Working with Barbara Brink, who would go on to become CEO of Science World, the board helped secure the Expo Centre once Expo 86 came to an end, then got to work sourcing funding from various levels of government. Lastly came the challenge of getting private donors to contribute to the new Science World. Farris says this task was “hugely difficult because nobody knew what science centres were.” In 1986, he helped organize a dinner to raise awareness of Science World and start building a public profile for it; Cecil Green, founder of Texas Instruments, delivered the keynote speech.

“We decided that what we would do was host a dinner where we didn’t charge anybody,” says Farris. “We invited all of the wealthy folks in town to hear what we were about.” At the end of that event, “The movers and shakers at least knew about us. We didn’t get a call from anybody the next day saying, ‘I’ll fund you,’ but they started to spread the word.”
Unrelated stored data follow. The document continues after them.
lemma Sabc_cover_eq_UNIV_irrational:
  assumes ab: "0 < a" "a < b" and c0: "c0 = c - of_int K * b" "c0 < a"
    and irr: "a / b \<notin> \<rat>" and t0: "t0 \<in> Sabc a b c"
  shows "Sabc_cover a b c K (c0 + a - b) = UNIV"
proof (rule right_closed_dense_eq_UNIV)
  show "right_closed (Sabc_cover a b c K (c0 + a - b))"
    unfolding Sabc_cover_def using ab
    by (intro right_closed_Un right_closed_Int right_closed_UN right_closed_translation
        right_closed_Sabc right_closed_residue_window) auto
next
  fix r e :: real assume "0 < e"
  then obtain i n :: int
    where "r - t0 < a * of_int i + b * of_int n" "a * of_int i + b * of_int n < r - t0 + e"
    using dense_coset[of b a e "r - t0"] ab irr by auto
  moreover have "t0 + a * of_int i + b * of_int n \<in> Sabc_cover a b c K (c0 + a - b)"
    by (rule Sabc_coset_in_cover[OF t0 ab c0])
  ultimately show "\<exists>y\<in>Sabc_cover a b c K (c0 + a - b). r < y \<and> y < r + e"
    by (intro bexI[of _ "t0 + a * of_int i + b * of_int n"]) auto
qed

section \<open>Unions of cells: the rational case\<close>

definition cellwise :: "real \<Rightarrow> real set \<Rightarrow> bool" where
  "cellwise h A \<longleftrightarrow> (\<forall>r r'. \<lfloor>r / h\<rfloor> = \<lfloor>r' / h\<rfloor> \<longrightarrow> r \<in> A \<longrightarrow> r' \<in> A)"

lemma cellwiseI:
  "(\<And>r r'. \<lfloor>r / h\<rfloor> = \<lfloor>r' / h\<rfloor> \<Longrightarrow> r \<in> A \<Longrightarrow> r' \<in> A) \<Longrightarrow> cellwise h A"
  unfolding cellwise_def by blast

lemma cellwiseD: "cellwise h A \<Longrightarrow> \<lfloor>r / h\<rfloor> = \<lfloor>r' / h\<rfloor> \<Longrightarrow> r \<in> A \<Longrightarrow> r' \<in> A"
  unfolding cellwise_def by blast

lemma cellwise_Un:
  assumes "cellwise h A" "cellwise h B"
  shows "cellwise h (A \<union> B)"
proof (rule cellwiseI)
  fix r r' assume "\<lfloor>r / h\<rfloor> = \<lfloor>r' / h\<rfloor>" "r \<in> A \<union> B"
  with cellwiseD[OF assms(1)] cellwiseD[OF assms(2)] show "r' \<in> A \<union> B" by blast
qed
Soon, leading members of the business community, including Robert Dickinson, cofounder of mining giant Hunter Dickinson Inc, and Brian Canfield, the soon-to-be CEO of BC Tel (now TELUS), joined Science World’s fundraising committee. A year later, after a successful capital campaign, Farris left the board and returned to full-time work at Ventures West. “My partners were starting to get a little antsy because I was spending so much time away from our business,” he explains. “And, you know, I'm a builder of new things.”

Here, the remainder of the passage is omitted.